*** Opening Provided records ***

lemma paths_cyl: "paths (cyl bs) = {f. \<forall>i<length bs. f i = bs ! i}"
  by (induction bs) (auto simp: All_less_Suc2)

lemma canonical_no_black_leaves: "canonical t \<Longrightarrow> black_leaves t = 0 \<Longrightarrow> t = white"
  by (induction t) (auto split: if_splits)

lemma unary_canonical_iff_cyl:
  assumes "canonical t"
  shows "unary t \<longleftrightarrow> (\<exists>bs. t = cyl bs)"
proof
  show "unary t \<Longrightarrow> \<exists>bs. t = cyl bs"
    using assms unfolding unary_def
  proof (induction t)
    case (Lf b)
    then have "Lf b = cyl []" by (simp split: if_splits)
    then show ?case by blast
  next
    case (Nd l r)
    then have canon: "canonical l" "canonical r"
      and sum: "black_leaves l + black_leaves r = 1" by auto
    then consider "black_leaves l = 0" "black_leaves r = 1" | "black_leaves l = 1" "black_leaves r = 0"
      by linarith
    then show ?case
    proof cases
      case 1
      with Nd.IH(2) canon obtain bs where "r = cyl bs" by blast
      moreover have "l = white" using 1 canon canonical_no_black_leaves by blast
      ultimately have "Nd l r = cyl (True # bs)" by simp
      then show ?thesis by blast
    next
      case 2
      with Nd.IH(1) canon obtain bs where "l = cyl bs" by blast
      moreover have "r = white" using 2 canon canonical_no_black_leaves by blast
      ultimately have "Nd l r = cyl (False # bs)" by simp
      then show ?thesis by blast
    qed
  qed
  have "black_leaves (cyl bs) = 1" for bs
    by (induction bs) auto
  then show "\<exists>bs. t = cyl bs \<Longrightarrow> unary t"
    by (auto simp: unary_def)
qed

text \<open>The stream with the first bit unread by t flipped lies in the other half; if that bit
  lies inside the prefix of the cylinder, the cylinder would be contained in one half.\<close>

lemma half_psubset_cylinder_swap:
  fixes k :: nat and p :: "nat \<Rightarrow> bool"
  defines "C \<equiv> {f. \<forall>i<k. f i = p i}"
  assumes sub: "{f \<in> paths t. f (depth t f) = b} \<subset> C"
  shows "{f \<in> paths t. f (depth t f) = (\<not> b)} \<subset> C"
proof
  have flip: "f(depth t f := c) \<in> paths t \<and> depth t (f(depth t f := c)) = depth t f"
    if "f \<in> paths t" for f c
    using that depth_paths_local[of t f "f(depth t f := c)"] by auto
  show "{f \<in> paths t. f (depth t f) = (\<not> b)} \<subseteq> C"
  proof
    fix f assume "f \<in> {f \<in> paths t. f (depth t f) = (\<not> b)}"
    then have f: "f \<in> paths t" "f (depth t f) = (\<not> b)" by auto
    define d where "d = depth t f"
    define g where "g = f(d := b)"
    have g: "g \<in> paths t" "depth t g = d" "g d = b"
      using flip[OF f(1)] by (simp_all add: g_def d_def)
    with sub have gC: "g \<in> C" by auto
    show "f \<in> C"
    proof (cases "d < k")
      case True
      have "C \<subseteq> {f \<in> paths t. f (depth t f) = b}"
      proof
        fix h assume "h \<in> C"
        then have "\<forall>i<k. h i = g i" using gC by (simp add: C_def)
        then have "\<forall>i<depth t g. h i = g i" "h d = g d" using True g(2) by auto
        then show "h \<in> {f \<in> paths t. f (depth t f) = b}"
          using depth_paths_local[of t g h] g by auto
      qed
      with sub show ?thesis by blast
    next
      case False
      then show ?thesis using gC by (simp add: C_def g_def)
    qed
  qed
  show "{f \<in> paths t. f (depth t f) = (\<not> b)} \<noteq> C"
  proof
    assume eq: "{f \<in> paths t. f (depth t f) = (\<not> b)} = C"
    have "p \<in> C" by (simp add: C_def)
    then have p: "p \<in> paths t" using eq by blast
    define g where "g = p(depth t p := b)"
    have "g \<in> {f \<in> paths t. f (depth t f) = b}" using flip[OF p] by (simp add: g_def)
    with sub eq have "g (depth t g) = (\<not> b)" by blast
    then show False using flip[OF p] by (simp add: g_def)
  qed
qed

lemma unary_tsub_sides_iff:
  assumes "unary \<tau>" "canonical \<tau>"
  shows "tsub (bowtie t tL) \<tau> \<longleftrightarrow> tsub (bowtie t tR) \<tau>"
proof -
  obtain bs where \<tau>: "\<tau> = cyl bs" using assms unary_canonical_iff_cyl by blast
  have "tsub (bowtie t (cyl [b])) \<tau> \<longleftrightarrow> paths (bowtie t (cyl [b])) \<subset> paths \<tau>" for b
    by (rule tsub_iff_paths_psubset) (simp_all add: bowtie_def canonical_norm assms(2))
  then have sides: "tsub (bowtie t (cyl [b])) \<tau> \<longleftrightarrow>
      {f \<in> paths t. f (depth t f) = b} \<subset> {f. \<forall>i<length bs. f i = bs ! i}" for b
    unfolding paths_bowtie_single \<tau> paths_cyl .
  have "tsub (bowtie t (cyl [b])) \<tau> \<Longrightarrow> tsub (bowtie t (cyl [\<not> b])) \<tau>" for b
    unfolding sides by (rule half_psubset_cylinder_swap)
  from this[of False] this[of True] show ?thesis
    unfolding tL_eq_cyl tR_eq_cyl by auto
qed

lemma cyl_Cons_subset_Nd_iff:
  "paths (cyl (c # bs)) \<subseteq> paths (Nd l r) \<longleftrightarrow> paths (cyl bs) \<subseteq> paths (if c then r else l)"
proof
  assume sub: "paths (cyl (c # bs)) \<subseteq> paths (Nd l r)"
  show "paths (cyl bs) \<subseteq> paths (if c then r else l)"
  proof
    fix f assume "f \<in> paths (cyl bs)"
    then have "case_nat c f \<in> paths (cyl (c # bs))" by (cases c) simp_all
    with sub have "case_nat c f \<in> paths (Nd l r)" by blast
    then show "f \<in> paths (if c then r else l)" by (simp only: case_nat_in_paths_Nd)
  qed
next
  assume "paths (cyl bs) \<subseteq> paths (if c then r else l)"
  then show "paths (cyl (c # bs)) \<subseteq> paths (Nd l r)"
    by (cases c) auto
qed

lemma canonical_exposed_leaf:
  "canonical t \<Longrightarrow> t \<noteq> black \<Longrightarrow> t \<noteq> white \<Longrightarrow>
    \<exists>q b. paths (cyl (q @ [b])) \<subseteq> paths t \<and> \<not> paths (cyl (q @ [\<not> b])) \<subseteq> paths t"
proof (induction t)
  case (Nd l r)
  let ?child = "\<lambda>c. if c then r else l"
  let ?exposed = "\<lambda>t q b. paths (cyl (q @ [b])) \<subseteq> paths t \<and> \<not> paths (cyl (q @ [\<not> b])) \<subseteq> paths t"
  have canon_l: "canonical l" and canon_r: "canonical r"
    using Nd.prems by simp_all
  then have canon: "canonical (?child c)" for c
    by simp
  have extend: "?exposed (Nd l r) (c # q) b" if "?exposed (?child c) q b" for c q b
    using that unfolding append_Cons cyl_Cons_subset_Nd_iff .
  have leaf: "?exposed (Nd l r) [] c" if "?child c = black" for c
  proof -
    have "?child (\<not> c) \<noteq> black"
      using that Nd.prems by (cases c) auto
    then have "paths (?child (\<not> c)) \<noteq> paths (cyl [])"
      using canonical_paths_inject canon canonical_cyl by (metis cyl.simps(1))
    then have "\<not> paths (cyl []) \<subseteq> paths (?child (\<not> c))"
      by (simp add: top.extremum_unique)
    moreover have "paths (cyl []) \<subseteq> paths (?child c)"
      using that by simp
    ultimately show ?thesis
      unfolding append_Nil cyl_Cons_subset_Nd_iff by blast
  qed
  consider "l = black" | "r = black" | l' r' where "l = Nd l' r'" | l' r' where "r = Nd l' r'"
    using Nd.prems(1) by (metis (full_types) canonical.simps(2) tree.exhaust)
  then show ?case
  proof cases
    case 1
    then show ?thesis using leaf[of False, unfolded if_False] by blast
  next
    case 2
    then show ?thesis using leaf[of True, unfolded if_True] by blast
  next
    case 3
    then obtain q b where "?exposed l q b" using Nd.IH(1)[OF canon_l] by auto
    then show ?thesis using extend[where c=False, unfolded if_False] by blast
  next
    case 4
    then obtain q b where "?exposed r q b" using Nd.IH(2)[OF canon_r] by auto
    then show ?thesis using extend[where c=True, unfolded if_True] by blast
  qed
qed simp

lemma not_unary_tsub_sides_differ:
  assumes "canonical \<tau>" "\<tau> \<noteq> white" "\<not> unary \<tau>"
  obtains q where "tsub (cyl (q @ [False])) \<tau> \<noteq> tsub (cyl (q @ [True])) \<tau>"
proof -
  have "\<tau> \<noteq> black"
    using assms(3) by (auto simp: unary_def)
  then obtain q b where q: "paths (cyl (q @ [b])) \<subseteq> paths \<tau>" "\<not> paths (cyl (q @ [\<not> b])) \<subseteq> paths \<tau>"
    using canonical_exposed_leaf[OF assms(1) _ assms(2)] by blast
  have "cyl (q @ [b]) \<noteq> \<tau>" using assms(1,3) unary_canonical_iff_cyl by blast
  with q(1) have "paths (cyl (q @ [b])) \<subset> paths \<tau>"
    using canonical_paths_inject[OF canonical_cyl assms(1)] by blast
  with q(2) have "tsub (cyl (q @ [b])) \<tau>" "\<not> tsub (cyl (q @ [\<not> b])) \<tau>"
    using tsub_iff_paths_psubset[OF canonical_cyl assms(1)] by auto
  then show ?thesis using that by (cases b) auto
qed

theorem lemma4:
  assumes "\<tau> \<in> tshares"
  shows "unary \<tau> \<longleftrightarrow>
    (\<tau> \<noteq> white \<and>
     (\<forall>\<tau>' \<in> tshares. tsub (bowtie \<tau>' tL) \<tau> \<longleftrightarrow> tsub (bowtie \<tau>' tR) \<tau>))"
proof -
  have canon: "canonical \<tau>" using assms by (simp add: tshares_def)
  show ?thesis
  proof
    assume u: "unary \<tau>"
    then have "\<tau> \<noteq> white" by (auto simp: unary_def)
    with u show "\<tau> \<noteq> white \<and> (\<forall>\<tau>' \<in> tshares. tsub (bowtie \<tau>' tL) \<tau> \<longleftrightarrow> tsub (bowtie \<tau>' tR) \<tau>)"
      using unary_tsub_sides_iff canon by blast
  next
    assume sides: "\<tau> \<noteq> white \<and> (\<forall>\<tau>' \<in> tshares. tsub (bowtie \<tau>' tL) \<tau> \<longleftrightarrow> tsub (bowtie \<tau>' tR) \<tau>)"
    show "unary \<tau>"
    proof (rule ccontr)
      assume "\<not> unary \<tau>"
      with canon sides obtain q where "tsub (cyl (q @ [False])) \<tau> \<noteq> tsub (cyl (q @ [True])) \<tau>"
        using not_unary_tsub_sides_differ by blast
      moreover have "cyl q \<in> tshares" by (simp add: tshares_def canonical_cyl)
      ultimately show False
        using sides by (metis tL_eq_cyl tR_eq_cyl bowtie_cyl)
    qed
  qed
qed

end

*** Closing Provided records ***

** Required action **
Collect the lines of the records that include the string "thesis".

** The completed task **
      then show ?thesis by blast
      then show ?thesis by blast
      with sub show ?thesis by blast
      then show ?thesis using gC by (simp add: C_def g_def)
  from this[of False] this[of True] show ?thesis
    ultimately show ?thesis
    then show ?thesis using leaf[of False, unfolded if_False] by blast
    then show ?thesis using leaf[of True, unfolded if_True] by blast
    then show ?thesis using extend[where c=False, unfolded if_False] by blast
    then show ?thesis using extend[where c=True, unfolded if_True] by blast
  then show ?thesis using that by (cases b) auto
  show ?thesis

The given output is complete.